### Exercise brief
When you reach the line containing "cnj c * cinner" in the entries below, start writing out each line exactly, and stop after the line containing "z - A_inner".

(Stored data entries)
* * * *

lemma beta_un_center_subset_commutant_centralizer:
  "beta G x \<union> center G \<subseteq> commutant G (centralizer G x)"
proof
  fix y assume y: "y \<in> beta G x \<union> center G"
  then have "y \<in> carrier G"
    by (auto simp: beta_def center_def)
  moreover have "centralizer G x \<subseteq> centralizer G y"
    using y center_iff_centralizer_eq_carrier[OF \<open>y \<in> carrier G\<close>] centralizer_subset_carrier[of G x]
    by (auto simp: beta_def)
  ultimately show "y \<in> commutant G (centralizer G x)"
    by (simp add: mem_commutant_centralizer_iff)
qed

lemma beta_un_center_eq_commutant_centralizer:
  assumes fin: "finite (carrier G)"
    and max: "\<And>y. y \<in> carrier G - center G \<Longrightarrow> card (centralizer G y) \<le> card (centralizer G x)"
  shows "beta G x \<union> center G = commutant G (centralizer G x)"
proof
  show "commutant G (centralizer G x) \<subseteq> beta G x \<union> center G"
  proof
    fix y assume "y \<in> commutant G (centralizer G x)"
    then have y: "y \<in> carrier G" and sub: "centralizer G x \<subseteq> centralizer G y"
      using mem_commutant_centralizer_iff by (auto simp: commutant_def)
    have "centralizer G x = centralizer G y" if "y \<notin> center G"
      using card_seteq[OF rev_finite_subset[OF fin centralizer_subset_carrier] sub] max y that
      by blast
    then show "y \<in> beta G x \<union> center G"
      using y by (auto simp: beta_def)
  qed
qed (rule beta_un_center_subset_commutant_centralizer)

lemma ex_subgroup_beta_un_center:
  assumes fin: "finite (carrier G)" and "center G \<noteq> carrier G"
  obtains x where "x \<in> carrier G - center G" and "subgroup (beta G x \<union> center G) G"
proof -
  let ?f = "\<lambda>y. card (centralizer G y)"
  obtain x0 where x0: "x0 \<in> carrier G - center G"
    using assms(2) subgroup.subset[OF subgroup_center] by blast
  have "\<forall>y. y \<in> carrier G - center G \<longrightarrow> ?f y < Suc (card (carrier G))"
    using card_mono[OF fin centralizer_subset_carrier] by (simp add: le_imp_less_Suc)
  from Lattices_Big.ex_has_greatest_nat[OF x0 this]
  obtain x where x: "x \<in> carrier G - center G"
    and max: "\<forall>y. y \<in> carrier G - center G \<longrightarrow> ?f y \<le> ?f x"
    by (elim exE conjE)
  have "beta G x \<union> center G = commutant G (centralizer G x)"
    using max by (intro beta_un_center_eq_commutant_centralizer[OF fin]) simp
  then have "subgroup (beta G x \<union> center G) G"
    using subgroup_commutant[OF centralizer_subset_carrier] by simp
  with x show thesis
    by (rule that)
qed

lemma beta_un_center_psubset_carrier:
  assumes x: "x \<in> carrier G - center G"
  shows "beta G x \<union> center G \<subset> carrier G"
proof -
  have "x \<in> centralizer G x"
    using x by (simp add: centralizer_def)
  then have "beta G x \<union> center G \<subseteq> centralizer G x"
    using beta_un_center_subset_commutant_centralizer
    by (auto simp: commutant_def centralizer_def)
  moreover have "centralizer G x \<noteq> carrier G"
    using x center_iff_centralizer_eq_carrier[of x G] by blast
  ultimately show ?thesis
    using centralizer_subset_carrier[of G x] by blast
qed
text \<open>The inner product is linear in the first and conjugate-linear in the second argument.\<close>

class complex_inner = real_normed_vector +
  fixes scaleC :: "complex \<Rightarrow> 'a \<Rightarrow> 'a" (infixr \<open>*\<^sub>C\<close> 75)
    and cinner :: "'a \<Rightarrow> 'a \<Rightarrow> complex"
  assumes scaleR_scaleC: "scaleR r x = scaleC (complex_of_real r) x"
    and scaleC_add_right: "scaleC a (x + y) = scaleC a x + scaleC a y"
    and scaleC_add_left: "scaleC (a + b) x = scaleC a x + scaleC b x"
    and scaleC_scaleC: "scaleC a (scaleC b x) = scaleC (a * b) x"
    and scaleC_one: "scaleC 1 x = x"
    and cinner_commute: "cinner x y = cnj (cinner y x)"
    and cinner_add_left: "cinner (x + y) z = cinner x z + cinner y z"
    and cinner_scaleC_left: "cinner (scaleC c x) y = c * cinner x y"
    and cinner_ge_zero: "0 \<le> Re (cinner x x)"
    and cinner_eq_zero_iff: "cinner x x = 0 \<longleftrightarrow> x = 0"
    and norm_eq_sqrt_cinner: "norm x = sqrt (Re (cinner x x))"

class chilbert_space = complex_inner + complete_space

definition bounded_clinear :: "('a::complex_inner \<Rightarrow> 'b::complex_inner) \<Rightarrow> bool" where
  "bounded_clinear f \<longleftrightarrow>
     (\<forall>x y. f (x + y) = f x + f y) \<and> (\<forall>c x. f (c *\<^sub>C x) = c *\<^sub>C f x) \<and>
     (\<exists>K. \<forall>x. norm (f x) \<le> norm x * K)"

definition positive_op :: "('a::complex_inner \<Rightarrow> 'a) \<Rightarrow> bool" where
  "positive_op A \<longleftrightarrow> bounded_clinear A \<and>
     (\<forall>x. Im (cinner (A x) x) = 0 \<and> 0 \<le> Re (cinner (A x) x))"

definition A_inner :: "('a::complex_inner \<Rightarrow> 'a) \<Rightarrow> 'a \<Rightarrow> 'a \<Rightarrow> complex" where
  "A_inner A x y = cinner (A x) y"

definition A_norm :: "('a::complex_inner \<Rightarrow> 'a) \<Rightarrow> 'a \<Rightarrow> real" where
  "A_norm A x = sqrt (Re (A_inner A x x))"

definition B_A_half :: "('a::complex_inner \<Rightarrow> 'a) \<Rightarrow> ('a \<Rightarrow> 'a) set" where
  "B_A_half A = {T. bounded_clinear T \<and> (\<exists>c>0. \<forall>x. A_norm A (T x) \<le> c * A_norm A x)}"

definition omega_A :: "('a::complex_inner \<Rightarrow> 'a) \<Rightarrow> ('a \<Rightarrow> 'a) \<Rightarrow> real" where
  "omega_A A T = Sup {cmod (A_inner A (T x) x) | x. A_norm A x = 1}"

text \<open>The operator \<A> = diag(A,A) on H \<oplus> H (pairs), with its semi-inner product
  \<langle>(x1,x2),(y1,y2)\<rangle>_\<A> = \<langle>x1,y1\<rangle>_A + \<langle>x2,y2\<rangle>_A.\<close>
definition AA_inner :: "('a::complex_inner \<Rightarrow> 'a) \<Rightarrow> 'a \<times> 'a \<Rightarrow> 'a \<times> 'a \<Rightarrow> complex" where
  "AA_inner A p q = A_inner A (fst p) (fst q) + A_inner A (snd p) (snd q)"

definition AA_norm :: "('a::complex_inner \<Rightarrow> 'a) \<Rightarrow> 'a \<times> 'a \<Rightarrow> real" where
  "AA_norm A p = sqrt (Re (AA_inner A p p))"

definition omega_AA :: "('a::complex_inner \<Rightarrow> 'a) \<Rightarrow> ('a \<times> 'a \<Rightarrow> 'a \<times> 'a) \<Rightarrow> real" where
  "omega_AA A M = Sup {cmod (AA_inner A (M p) p) | p. AA_norm A p = 1}"

definition block_op :: "('a::complex_inner \<Rightarrow> 'a) \<Rightarrow> ('a \<Rightarrow> 'a) \<Rightarrow> ('a \<Rightarrow> 'a) \<Rightarrow> ('a \<Rightarrow> 'a)
    \<Rightarrow> 'a \<times> 'a \<Rightarrow> 'a \<times> 'a" where
  "block_op P Q R S p = (P (fst p) + Q (snd p), R (fst p) + S (snd p))"

end

theory Submission
  imports Defs
begin

text \<open>For \<open>cmod \<omega> = 1\<close> the map \<open>unitary_mix \<omega>\<close>, \<open>(u, v) \<mapsto> (u + v, cnj \<omega> (u - v)) / sqrt 2\<close>,
  is a bijection of \<open>H \<oplus> H\<close> preserving the \<open>\<A>\<close>-form, and it turns the quadratic form of
  \<open>[[T, \<omega>\<^sup>2 S], [S, T]]\<close> into the sum of the quadratic forms of \<open>T + \<omega> S\<close> at \<open>u\<close> and of
  \<open>T - \<omega> S\<close> at \<open>v\<close>. Hence the \<open>\<A>\<close>-numerical radius of the block operator is the larger of
  the two \<open>A\<close>-numerical radii; \<open>\<omega> = 1\<close> gives (i) and \<open>\<omega> = \<i>\<close> gives (ii).
  Since \<open>\<parallel>\<cdot>\<parallel>\<^sub>A\<close> is only a seminorm, the estimate
  \<open>\<bar>\<langle>Px, x\<rangle>\<^sub>A\<bar> \<le> omega_A A P \<cdot> \<parallel>x\<parallel>\<^sub>A\<^sup>2\<close> needs that vectors of \<open>A\<close>-seminorm zero are
  \<open>A\<close>-orthogonal to everything.\<close>

interpretation complex_vector: vector_space "scaleC :: complex \<Rightarrow> 'a \<Rightarrow> 'a::complex_inner"
  by unfold_locales (rule scaleC_add_right scaleC_add_left scaleC_scaleC scaleC_one)+

interpretation complex_vector: vector_space_pair
  "scaleC :: complex \<Rightarrow> 'a \<Rightarrow> 'a::complex_inner" "scaleC :: complex \<Rightarrow> 'b \<Rightarrow> 'b::complex_inner"
  ..

abbreviation clinear :: "('a::complex_inner \<Rightarrow> 'b::complex_inner) \<Rightarrow> bool" where
  "clinear \<equiv> Vector_Spaces.linear (*\<^sub>C) (*\<^sub>C)"

lemma bounded_clinear_imp_clinear: "bounded_clinear f \<Longrightarrow> clinear f"
  by (simp add: bounded_clinear_def Vector_Spaces.linear_iff complex_vector.vector_space_axioms)

lemma positive_op_imp_clinear: "positive_op A \<Longrightarrow> clinear A"
  by (simp add: positive_op_def bounded_clinear_imp_clinear)

lemma cinner_add_right: "cinner x (y + z) = cinner x y + cinner x z"
  by (metis cinner_commute cinner_add_left complex_cnj_add)

lemma cinner_scaleC_right: "cinner x (c *\<^sub>C y) = cnj c * cinner x y"
  by (metis cinner_commute cinner_scaleC_left complex_cnj_mult complex_cnj_cnj)

lemma A_inner_add_left: "clinear A \<Longrightarrow> A_inner A (x + y) z = A_inner A x z + A_inner A y z"
  by (simp add: A_inner_def complex_vector.linear_add cinner_add_left)

lemma A_inner_add_right: "A_inner A x (y + z) = A_inner A x y + A_inner A x z"
  by (simp add: A_inner_def cinner_add_right)

lemma A_inner_scaleC_left: "clinear A \<Longrightarrow> A_inner A (c *\<^sub>C x) y = c * A_inner A x y"
  by (simp add: A_inner_def complex_vector.linear_scale cinner_scaleC_left)

lemma A_inner_scaleC_right: "A_inner A x (c *\<^sub>C y) = cnj c * A_inner A x y"
  by (simp add: A_inner_def cinner_scaleC_right)

lemma A_inner_diff_left: "clinear A \<Longrightarrow> A_inner A (x - y) z = A_inner A x z - A_inner A y z"
  using A_inner_add_left[of A x "(-1) *\<^sub>C y" z] A_inner_scaleC_left[of A "-1" y z]
  by (simp add: complex_vector.scale_minus_left)

lemma A_inner_diff_right: "A_inner A x (y - z) = A_inner A x y - A_inner A x z"
  using A_inner_add_right[of A x y "(-1) *\<^sub>C z"] A_inner_scaleC_right[of A x "-1" z]
  by (simp add: complex_vector.scale_minus_left)

lemma A_inner_zero_right [simp]: "A_inner A x 0 = 0"
  using A_inner_add_right[of A x 0 0] by simp

lemmas A_inner_sesquilinear =
  A_inner_add_left A_inner_add_right A_inner_diff_left A_inner_diff_right
  A_inner_scaleC_left A_inner_scaleC_right

lemma Im_A_inner_self: "positive_op A \<Longrightarrow> Im (A_inner A x x) = 0"
  by (simp add: positive_op_def A_inner_def)

lemma Re_A_inner_self_ge_0: "positive_op A \<Longrightarrow> 0 \<le> Re (A_inner A x x)"
  by (simp add: positive_op_def A_inner_def)

lemma A_norm_eq_1_iff: "A_norm A x = 1 \<longleftrightarrow> Re (A_inner A x x) = 1"
  by (simp add: A_norm_def)

lemma AA_norm_eq_1_iff: "AA_norm A p = 1 \<longleftrightarrow> Re (AA_inner A p p) = 1"
  by (simp add: AA_norm_def)

lemma A_inner_commute:
  assumes pos: "positive_op A"
  shows "A_inner A x y = cnj (A_inner A y x)"
proof -
  have lin: "clinear A" using pos by (rule positive_op_imp_clinear)
  note real = Im_A_inner_self[OF pos]
  \<comment> \<open>polarization along \<open>x + y\<close> and \<open>x + \<i> y\<close>\<close>
  have "Im (A_inner A x y) + Im (A_inner A y x) = 0"
    using real[of "x + y"] real[of x] real[of y] by (simp add: A_inner_sesquilinear lin)
  moreover have "Re (A_inner A y x) - Re (A_inner A x y) = 0"
    using real[of "x + \<i> *\<^sub>C y"] real[of x] real[of y] by (simp add: A_inner_sesquilinear lin)
  ultimately show ?thesis by (simp add: complex_eq_iff)
qed

lemma two_cmod_A_inner_le:
  assumes pos: "positive_op A"
  shows "2 * cmod (A_inner A x y) \<le> Re (A_inner A x x) + Re (A_inner A y y)"
proof (cases "A_inner A x y = 0")
  case True
  then show ?thesis using Re_A_inner_self_ge_0[OF pos] by (simp add: add_nonneg_nonneg)
next
  case False
  have lin: "clinear A" using pos by (rule positive_op_imp_clinear)
  define \<alpha> where "\<alpha> = A_inner A x y"
  define t where "t = \<alpha> / cmod \<alpha>"
  have yx: "A_inner A y x = cnj \<alpha>"
    unfolding \<alpha>_def by (metis A_inner_commute pos)
  have "cmod \<alpha> \<noteq> 0" using False \<alpha>_def by simp
  moreover have "\<alpha> * cnj \<alpha> = cmod \<alpha> * cmod \<alpha>"
    by (metis complex_norm_square of_real_mult power2_eq_square)
  ultimately have t_\<alpha>: "cnj t * \<alpha> = cmod \<alpha>" "t * cnj \<alpha> = cmod \<alpha>" and t_unit: "t * cnj t = 1"
    unfolding t_def by (simp_all add: field_simps mult.commute)
  \<comment> \<open>expand \<open>0 \<le> \<parallel>x - t y\<parallel>\<^sub>A\<^sup>2\<close>, where \<open>t\<close> is the phase of \<open>\<alpha>\<close>\<close>
  have "A_inner A (x - t *\<^sub>C y) (x - t *\<^sub>C y)
      = A_inner A x x - cnj t * \<alpha> - t * cnj \<alpha> + t * cnj t * A_inner A y y"
    by (simp add: A_inner_sesquilinear lin yx \<alpha>_def[symmetric] algebra_simps)
  then have "Re (A_inner A (x - t *\<^sub>C y) (x - t *\<^sub>C y))
      = Re (A_inner A x x) - 2 * cmod \<alpha> + Re (A_inner A y y)"
    by (simp add: t_\<alpha> t_unit)
  then show ?thesis
    using Re_A_inner_self_ge_0[OF pos, of "x - t *\<^sub>C y"] by (simp add: \<alpha>_def)
qed
lemma param_eq_if_config_related:
  fixes s t :: "'a::field"
  assumes n: "n \<ge> 2" and len: "length as \<ge> 4" and as: "\<forall>a\<in>set as. a \<noteq> [] \<and> hd a > 0"
    and two: "(2::'a) \<noteq> 0" and s: "s \<noteq> 0" and g: "g \<in> Ogroup n"
    and related: "config n s as = act_multi n g (config n t as)"
  shows "s = t"
proof -
  define f where "f i = lag_vec n (param t i) (lead i)" for i
  define y where "y i = mat_act (2*n) g (f i)" for i
  have lead: "lead i < n" for i
    using n by (simp add: lead_def)
  have f_lag: "f i \<in> lagrangian n (param t i)" for i
    unfolding f_def using n lead by (rule lag_vec_in_lagrangian)
  have y_lag: "y i \<in> lagrangian n (param s i)" if "i < 4" for i
  proof -
    have i: "i < length as" "as ! i \<noteq> []" "hd (as ! i) > 0"
      using that len as nth_mem[of i as] by auto
    let ?B = "\<lambda>s. lag_basis n (param s i) (lead i)"
    have "?B t \<noteq> []"
      by (simp add: lag_basis_def)
    moreover have "hd (?B t) = f i"
      by (simp add: f_def lag_basis_def)
    ultimately have "f i \<in> std_flag (?B t) (as ! i) ! 0"
      using hd_in_std_flag i(2,3) by metis
    then have "y i \<in> mat_act (2*n) g ` (std_flag (?B t) (as ! i) ! 0)"
      unfolding y_def by (rule imageI)
    also have "\<dots> = std_flag (?B s) (as ! i) ! 0"
      using arg_cong[OF related, of "\<lambda>X. X ! i ! 0"] i by (simp add: config_def act_multi_def std_flag_def)
    also have "\<dots> \<subseteq> lagrangian n (param s i)"
      using std_flag_subset_span[of _ "?B s" "as ! i"] span_lag_basis_subset[OF n lead] i(2)
      by (force simp: std_flag_def)
    finally show ?thesis .
  qed
  have rel: "(param s i - param s j) * det2 (y i) (y j) = (param t i - param t j) * det2 (f i) (f j)"
    if "i < 4" "j < 4" for i j
  proof -
    have "bform n (y i) (y j) = bform n (f i) (f j)"
      using g f_lag lagrangian_subset_Fvec unfolding Ogroup_def y_def by blast
    then show ?thesis
      using bform_lagrangian[OF n y_lag y_lag] bform_lagrangian[OF n f_lag f_lag] that by simp
  qed
  have det2_f: "det2 (f i) (f j) = (if lead i = lead j then 0 else if lead i = 0 then 1 else -1)" for i j
    using n by (auto simp: f_def lag_vec_def lead_def det2_def)
  show ?thesis
  proof (rule cross_ratio_rigidity[OF two s])
    show "det2 (y 0) (y 1) = 1"
      using rel[of 0 1] det2_f[of 0 1] by (simp add: param_def lead_def)
    show "det2 (y 0) (y 2) = 1"
      using rel[of 0 2] det2_f[of 0 2] by (simp add: param_def lead_def)
    show "s * det2 (y 0) (y 3) = 0"
      using rel[of 0 3] det2_f[of 0 3] by (simp add: param_def lead_def)
    show "(1 - s) * det2 (y 1) (y 3) = t - 1"
      using rel[of 1 3] det2_f[of 1 3] by (simp add: param_def lead_def)
    show "(-1 - s) * det2 (y 2) (y 3) = t + 1"
      using rel[of 2 3] det2_f[of 2 3] by (simp add: param_def lead_def)
  qed
qed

* * * *

### Response to the exercise
lemma cinner_scaleC_right: "cinner x (c *\<^sub>C y) = cnj c * cinner x y"
  by (metis cinner_commute cinner_scaleC_left complex_cnj_mult complex_cnj_cnj)

lemma A_inner_add_left: "clinear A \<Longrightarrow> A_inner A (x + y) z = A_inner A x z + A_inner A y z"
  by (simp add: A_inner_def complex_vector.linear_add cinner_add_left)

lemma A_inner_add_right: "A_inner A x (y + z) = A_inner A x y + A_inner A x z"
  by (simp add: A_inner_def cinner_add_right)

lemma A_inner_scaleC_left: "clinear A \<Longrightarrow> A_inner A (c *\<^sub>C x) y = c * A_inner A x y"
  by (simp add: A_inner_def complex_vector.linear_scale cinner_scaleC_left)

lemma A_inner_scaleC_right: "A_inner A x (c *\<^sub>C y) = cnj c * A_inner A x y"
  by (simp add: A_inner_def cinner_scaleC_right)

lemma A_inner_diff_left: "clinear A \<Longrightarrow> A_inner A (x - y) z = A_inner A x z - A_inner A y z"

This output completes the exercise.